Malgré ces coups d’éclat, « pour le moment, de ce qu’on voit, c’est qu’il n’y a pas grand-chose qui semble avoir produit un véritable effet sur le terrain et sur le déroulement du conflit », note Alexis Rapin, chercheur en résidence à l’Observatoire des conflits multidimensionnels de la Chaire Raoul-Dandurand de l’UQAM. Il ajoute qu’il est toutefois difficile d’avoir de l’information sur toutes les cyberattaques qui ont eu lieu et sur leurs effets.

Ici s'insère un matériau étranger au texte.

lemma cut_size_aux_eq_Least:
  assumes "w \<notin> A"
  shows "cut_size (aux_V V M) (aux_E V E M A) (Some w) None =
    (LEAST n. \<exists>C. C \<subseteq> V - M - {w} \<and> card C = n \<and> \<not> reaches (V - M - C) E w A)"
proof -
  have HV: "aux_V V M - {Some w, None} = Some ` (V - M - {w})" unfolding aux_V_def by auto
  have "(\<exists>C'. C' \<subseteq> aux_V V M - {Some w, None} \<and> card C' = n \<and>
          \<not> reaches (aux_V V M - C') (aux_E V E M A) (Some w) {None}) \<longleftrightarrow>
        (\<exists>C. C \<subseteq> V - M - {w} \<and> card C = n \<and> \<not> reaches (V - M - C) E w A)" for n
  proof
    assume "\<exists>C'. C' \<subseteq> aux_V V M - {Some w, None} \<and> card C' = n \<and>
          \<not> reaches (aux_V V M - C') (aux_E V E M A) (Some w) {None}"
    then obtain C where C: "C \<subseteq> V - M - {w}" "card (Some ` C) = n"
        "\<not> reaches (aux_V V M - Some ` C) (aux_E V E M A) (Some w) {None}"
      unfolding HV subset_image_iff by blast
    have "card C = n" using C(2) by (simp add: card_image)
    then show "\<exists>C. C \<subseteq> V - M - {w} \<and> card C = n \<and> \<not> reaches (V - M - C) E w A"
      using C(1,3) unfolding reaches_aux_iff by blast
  next
    assume "\<exists>C. C \<subseteq> V - M - {w} \<and> card C = n \<and> \<not> reaches (V - M - C) E w A"
    then obtain C where C: "C \<subseteq> V - M - {w}" "card C = n" "\<not> reaches (V - M - C) E w A"
      by blast
    have "Some ` C \<subseteq> aux_V V M - {Some w, None}" "card (Some ` C) = n"
      using C(1,2) unfolding HV by (auto simp: card_image)
    then show "\<exists>C'. C' \<subseteq> aux_V V M - {Some w, None} \<and> card C' = n \<and>
          \<not> reaches (aux_V V M - C') (aux_E V E M A) (Some w) {None}"
      using C(3) unfolding reaches_aux_iff[symmetric] by blast
  qed
  moreover have "\<not> aux_E V E M A (Some w) None" using assms by (simp add: aux_E_def)
  ultimately show ?thesis unfolding cut_size_def reaches_singleton[symmetric] by simp
qed

lemma cut_size_aux_adjacent:
  assumes "finite V" "w \<in> A"
  shows "cut_size (aux_V V M) (aux_E V E M A) (Some w) None = card (V - M)"
proof -
  have "aux_V V M - {None} = Some ` (V - M)" unfolding aux_V_def by auto
  then show ?thesis using assms(2) unfolding cut_size_def by (simp add: aux_E_def card_image)
qed

lemma reaches_if_card_less_cut_size:
  assumes w: "w \<in> V - M" and X: "X \<subseteq> V - M" "w \<notin> X"
    and less: "card X < cut_size (aux_V V M) (aux_E V E M A) (Some w) None"
  shows "reaches (V - M - X) E w A"
proof (cases "w \<in> A")
  case True
  then show ?thesis using w X unfolding reaches_def by (intro exI[of _ "[w]"]) simp
next
  case False
  show ?thesis
  proof (rule ccontr)
    assume no_path: "\<not> reaches (V - M - X) E w A"
    have "cut_size (aux_V V M) (aux_E V E M A) (Some w) None \<le> card X"
      unfolding cut_size_aux_eq_Least[OF False] using X no_path by (intro Least_le) blast
    then show False using less by simp
  qed
qed

lemma separator_if_cut_size_le:
  assumes w: "w \<in> V - M" "w \<notin> A"
    and le: "cut_size (aux_V V M) (aux_E V E M A) (Some w) None \<le> r"
  obtains C where "C \<subseteq> V - M - {w}" "card C \<le> r" "\<not> reaches (V - M - C) E w A"
proof -
  let ?P = "\<lambda>n. \<exists>C. C \<subseteq> V - M - {w} \<and> card C = n \<and> \<not> reaches (V - M - C) E w A"
  have "\<not> reaches (V - M - (V - M - {w})) E w A"
  proof
    assume "reaches (V - M - (V - M - {w})) E w A"
    then obtain p where p: "is_path (V - M - (V - M - {w})) E p" "last p \<in> A"
      unfolding reaches_def by blast
    have "last p \<in> V - M - (V - M - {w})"
      using is_path_subset[OF p(1)] last_in_set[OF is_path_nonempty[OF p(1)]] by blast
    then show False using w p(2) by blast
  qed
  then have "?P (LEAST n. ?P n)" by (intro LeastI[of ?P]) blast
  then obtain C where C: "C \<subseteq> V - M - {w}" "card C = (LEAST n. ?P n)" "\<not> reaches (V - M - C) E w A"
    by blast
  show ?thesis
    using that[OF C(1) _ C(3)] C(2) le unfolding cut_size_aux_eq_Least[OF w(2)] by simp
qed

lemma Gamma_ge_iff:
  assumes "finite S" "S \<noteq> {}"
  shows "r \<le> Gamma HV HE (Some ` S) t \<longleftrightarrow> (\<forall>w\<in>S. r \<le> cut_size HV HE (Some w) t)"
  unfolding Gamma_def using assms by (simp add: image_image)

section \<open>CSP paths and identifiability\<close>

lemma path_to_first_monitor:
  assumes "is_path V E (w # ys)" "w \<notin> M" "\<exists>x\<in>set ys. x \<in> M"
  obtains as m where "is_path (V - M) E (w # as)" "m \<in> M" "E (last (w # as)) m"
    "set as \<subseteq> set ys" "m \<in> set ys"
proof -
  obtain as m bs where ys: "ys = as @ m # bs" "m \<in> M" "\<forall>y\<in>set as. y \<notin> M"
    using assms(3) by (rule split_list_first_propE)
  have "is_path V E ((w # as) @ m # bs)" using assms(1) ys(1) by simp
  then have "is_path V E (w # as)" "E (last (w # as)) m"
    using is_path_append[of "w # as" "m # bs"] by auto
  moreover have "is_path (V - M) E (w # as)"
    by (rule is_path_mono[OF calculation(1)]) (use is_path_subset[OF calculation(1)] ys(3) assms(2) in auto)
  ultimately show ?thesis using that ys by auto
qed

lemma CSP_path_two_sides:
  assumes sym: "\<And>a b. E a b \<Longrightarrow> E b a" and p: "p \<in> CSP_paths V E M" and w: "w \<in> set p" "w \<notin> M"
  obtains as1 m1 as2 m2 where "is_path (V - M) E (w # as1)" "is_path (V - M) E (w # as2)"
    "m1 \<in> M" "m2 \<in> M" "m1 \<noteq> m2" "E (last (w # as1)) m1" "E (last (w # as2)) m2"
    "set as1 \<inter> set as2 = {}" "set as1 \<subseteq> set p" "set as2 \<subseteq> set p"
proof -
  have p': "is_path V E p" "hd p \<in> M" "last p \<in> M" using p unfolding CSP_paths_def by auto
  obtain xs ys where ps: "p = xs @ w # ys" using w(1) by (meson split_list)
  have xs: "xs \<noteq> []" using ps p'(2) w(2) by (cases xs) auto
  have ys: "ys \<noteq> []" using ps p'(3) w(2) by auto
  have wys: "is_path V E (w # ys)" and disj: "set xs \<inter> set (w # ys) = {}"
    using p'(1) is_path_append[OF xs, of "w # ys"] unfolding ps by auto
  have "is_path V E (xs @ [w])"
    using p'(1) is_path_append[of "xs @ [w]" ys] ys unfolding ps by auto
  then have wxs: "is_path V E (w # rev xs)" using is_path_rev[OF sym] by fastforce
  have "\<exists>x\<in>set ys. x \<in> M" using p'(3) ps ys last_in_set by fastforce
  then obtain as2 m2 where R: "is_path (V - M) E (w # as2)" "m2 \<in> M" "E (last (w # as2)) m2"
    "set as2 \<subseteq> set ys" "m2 \<in> set ys"
    using path_to_first_monitor[OF wys w(2)] by blast
  have "\<exists>x\<in>set (rev xs). x \<in> M" using p'(2) ps xs hd_in_set by fastforce
  then obtain as1 m1 where L: "is_path (V - M) E (w # as1)" "m1 \<in> M" "E (last (w # as1)) m1"
    "set as1 \<subseteq> set xs" "m1 \<in> set xs"
    using path_to_first_monitor[OF wxs w(2)] by auto
  have "m1 \<noteq> m2" "set as1 \<inter> set as2 = {}" using L(4,5) R(4,5) disj by auto
  moreover have "set as1 \<subseteq> set p" "set as2 \<subseteq> set p" using L(4) R(4) ps by auto
  ultimately show ?thesis using that L(1-3) R(1-3) by blast
qed
(* For all $n\ge0$, $A_n(z)$ and $B_n(z)$ are rational functions of $z$ with simple poles at $0,t_1,\dots,t_m$, namely \[ A_n(z)=\frac{1-\sum_{k=1}^mR_{n,k}}{z}+\sum_{k=1}^m\frac{R_{n,k}}{z-t_k},\qquad B_n(z)=-\frac{n+\sum_{k=1}^m r_{n,k}}{z}+\sum_{k=1}^m\frac{r_{n,k}}{z-t_k}. \]
   Context: Let $m\ge1$, $\alpha>-1$, $0<t_1<\dots<t_m$, real $\omega_0,\dots,\omega_m$ with $\sum_{k=0}^\ell\omega_k\ge0$ for $\ell=0,\dots,m$, $\theta$ the Heaviside function, $w_0(x)=x^\alpha e^{-x}$, $w(x)=w_0(x)\big(\omega_0+\sum_k\omega_k\theta(x-t_k)\big)$ on $[0,\infty)$, $P_n$ the monic orthogonal polynomials w.r.t. $w$, $h_n=\int_0^\infty P_n^2w\,dx$, $R_{n,k}=\omega_k\frac{w_0(t_k)}{h_n}P_n^2(t_k)$, $r_{n,k}=\omega_k\frac{w_0(t_k)}{h_{n-1}}P_n(t_k)P_{n-1}(t_k)$, and ${\rm v}_0(z)=z-\alpha\ln z$. For $\alpha>0$, $A_n(z)=\frac1{h_n}\int_0^\infty\frac{{\rm v}_0'(z)-{\rm v}_0'(y)}{z-y}P_n^2(y)w(y)dy+\sum_k\frac{R_{n,k}}{z-t_k}$, $B_n(z)=\frac1{h_{n-1}}\int_0^\infty\frac{{\rm v}_0'(z)-{\rm v}_0'(y)}{z-y}P_n(y)P_{n-1}(y)w(y)dy+\sum_k\frac{r_{n,k}}{z-t_k}$; for $-1<\alpha\le0$, $A_n(z)=\frac1z\Big(\frac1{h_n}\int_0^\infty\frac{z{\rm v}_0'(z)-y{\rm v}_0'(y)}{z-y}P_n^2(y)w(y)dy-\sum_kR_{n,k}\Big)+\sum_k\frac{R_{n,k}}{z-t_k}$, $B_n(z)=\frac1z\Big(\frac1{h_{n-1}}\int_0^\infty\frac{z{\rm v}_0'(z)-y{\rm v}_0'(y)}{z-y}P_n(y)P_{n-1}(y)w(y)dy-\sum_kr_{n,k}-n\Big)+\sum_k\frac{r_{n,k}}{z-t_k}$. (Convention $r_{0,k}=0$.) *)

theory Defs
  imports "HOL-Analysis.Analysis" "HOL-Computational_Algebra.Polynomial"
begin

text \<open>Heaviside function (value at 0 is irrelevant for all integrals involved).\<close>
definition heaviside :: "real \<Rightarrow> real" where
  "heaviside x = (if x \<ge> 0 then 1 else 0)"

definition w0 :: "real \<Rightarrow> real \<Rightarrow> real" where
  "w0 \<alpha> x = x powr \<alpha> * exp (- x)"

definition wt :: "real \<Rightarrow> nat \<Rightarrow> (nat \<Rightarrow> real) \<Rightarrow> (nat \<Rightarrow> real) \<Rightarrow> real \<Rightarrow> real" where
  "wt \<alpha> m \<omega> t x = w0 \<alpha> x * (\<omega> 0 + (\<Sum>k=1..m. \<omega> k * heaviside (x - t k)))"

definition Pprev :: "(nat \<Rightarrow> real poly) \<Rightarrow> nat \<Rightarrow> real poly" where
  "Pprev P n = (if n = 0 then 0 else P (n - 1))"

definition hn :: "real \<Rightarrow> nat \<Rightarrow> (nat \<Rightarrow> real) \<Rightarrow> (nat \<Rightarrow> real) \<Rightarrow> (nat \<Rightarrow> real poly) \<Rightarrow> nat \<Rightarrow> real" where
  "hn \<alpha> m \<omega> t P n = (LINT y:{0..}|lborel. (poly (P n) y)\<^sup>2 * wt \<alpha> m \<omega> t y)"

text \<open>h_{n-1} (equal to 0 for n = 0 by the convention P_{-1} = 0).\<close>
definition hprev :: "real \<Rightarrow> nat \<Rightarrow> (nat \<Rightarrow> real) \<Rightarrow> (nat \<Rightarrow> real) \<Rightarrow> (nat \<Rightarrow> real poly) \<Rightarrow> nat \<Rightarrow> real" where
  "hprev \<alpha> m \<omega> t P n = (LINT y:{0..}|lborel. (poly (Pprev P n) y)\<^sup>2 * wt \<alpha> m \<omega> t y)"

definition Rnk :: "real \<Rightarrow> nat \<Rightarrow> (nat \<Rightarrow> real) \<Rightarrow> (nat \<Rightarrow> real) \<Rightarrow> (nat \<Rightarrow> real poly) \<Rightarrow> nat \<Rightarrow> nat \<Rightarrow> real" where
  "Rnk \<alpha> m \<omega> t P n k = \<omega> k * w0 \<alpha> (t k) / hn \<alpha> m \<omega> t P n * (poly (P n) (t k))\<^sup>2"

definition rnk :: "real \<Rightarrow> nat \<Rightarrow> (nat \<Rightarrow> real) \<Rightarrow> (nat \<Rightarrow> real) \<Rightarrow> (nat \<Rightarrow> real poly) \<Rightarrow> nat \<Rightarrow> nat \<Rightarrow> real" where
  "rnk \<alpha> m \<omega> t P n k = (if n = 0 then 0 else
     \<omega> k * w0 \<alpha> (t k) / hprev \<alpha> m \<omega> t P n * poly (P n) (t k) * poly (Pprev P n) (t k))"

definition dv0 :: "real \<Rightarrow> complex \<Rightarrow> complex" where
  "dv0 \<alpha> z = 1 - complex_of_real \<alpha> / z"

definition An :: "real \<Rightarrow> nat \<Rightarrow> (nat \<Rightarrow> real) \<Rightarrow> (nat \<Rightarrow> real) \<Rightarrow> (nat \<Rightarrow> real poly) \<Rightarrow> nat \<Rightarrow> complex \<Rightarrow> complex" where
  "An \<alpha> m \<omega> t P n z =
    (if \<alpha> > 0 then
       complex_of_real (1 / hn \<alpha> m \<omega> t P n) *
         (LINT y:{0..}|lborel. ((dv0 \<alpha> z - dv0 \<alpha> (of_real y)) / (z - of_real y)) *
             of_real ((poly (P n) y)\<^sup>2 * wt \<alpha> m \<omega> t y))
       + (\<Sum>k=1..m. of_real (Rnk \<alpha> m \<omega> t P n k) / (z - of_real (t k)))
     else
       (1 / z) * (complex_of_real (1 / hn \<alpha> m \<omega> t P n) *
         (LINT y:{0..}|lborel. ((z * dv0 \<alpha> z - of_real y * dv0 \<alpha> (of_real y)) / (z - of_real y)) *
             of_real ((poly (P n) y)\<^sup>2 * wt \<alpha> m \<omega> t y))
         - (\<Sum>k=1..m. of_real (Rnk \<alpha> m \<omega> t P n k)))
       + (\<Sum>k=1..m. of_real (Rnk \<alpha> m \<omega> t P n k) / (z - of_real (t k))))"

« Les cyberattaques jouent un rôle mineur dans ce conflit armé », renchérit Lukasz Olejnik, chercheur et consultant indépendant en cybersécurité, anciennement conseiller en cyberguerre au Comité international de la Croix-Rouge à Genève.
« Jusqu’à présent, nous n’avons pas vu d’événements significatifs. À moins que tout soit silencieux ou furtif, il semble que les cyberattaques ne soient pas employées de manière significative. »
La Russie a pourtant les moyens d’en faire plus, pense Alexis Rapin. « On s’attendait à ce que les Russes mènent des attaques contre les infrastructures ukrainiennes. Pas tant pour perturber la machine de guerre ukrainienne, mais plutôt pour décourager la population, dit-il. Je ne suis pas très impressionné par ce que les Russes ont déployé pour le moment. La connectivité de l’Ukraine reste très bonne. »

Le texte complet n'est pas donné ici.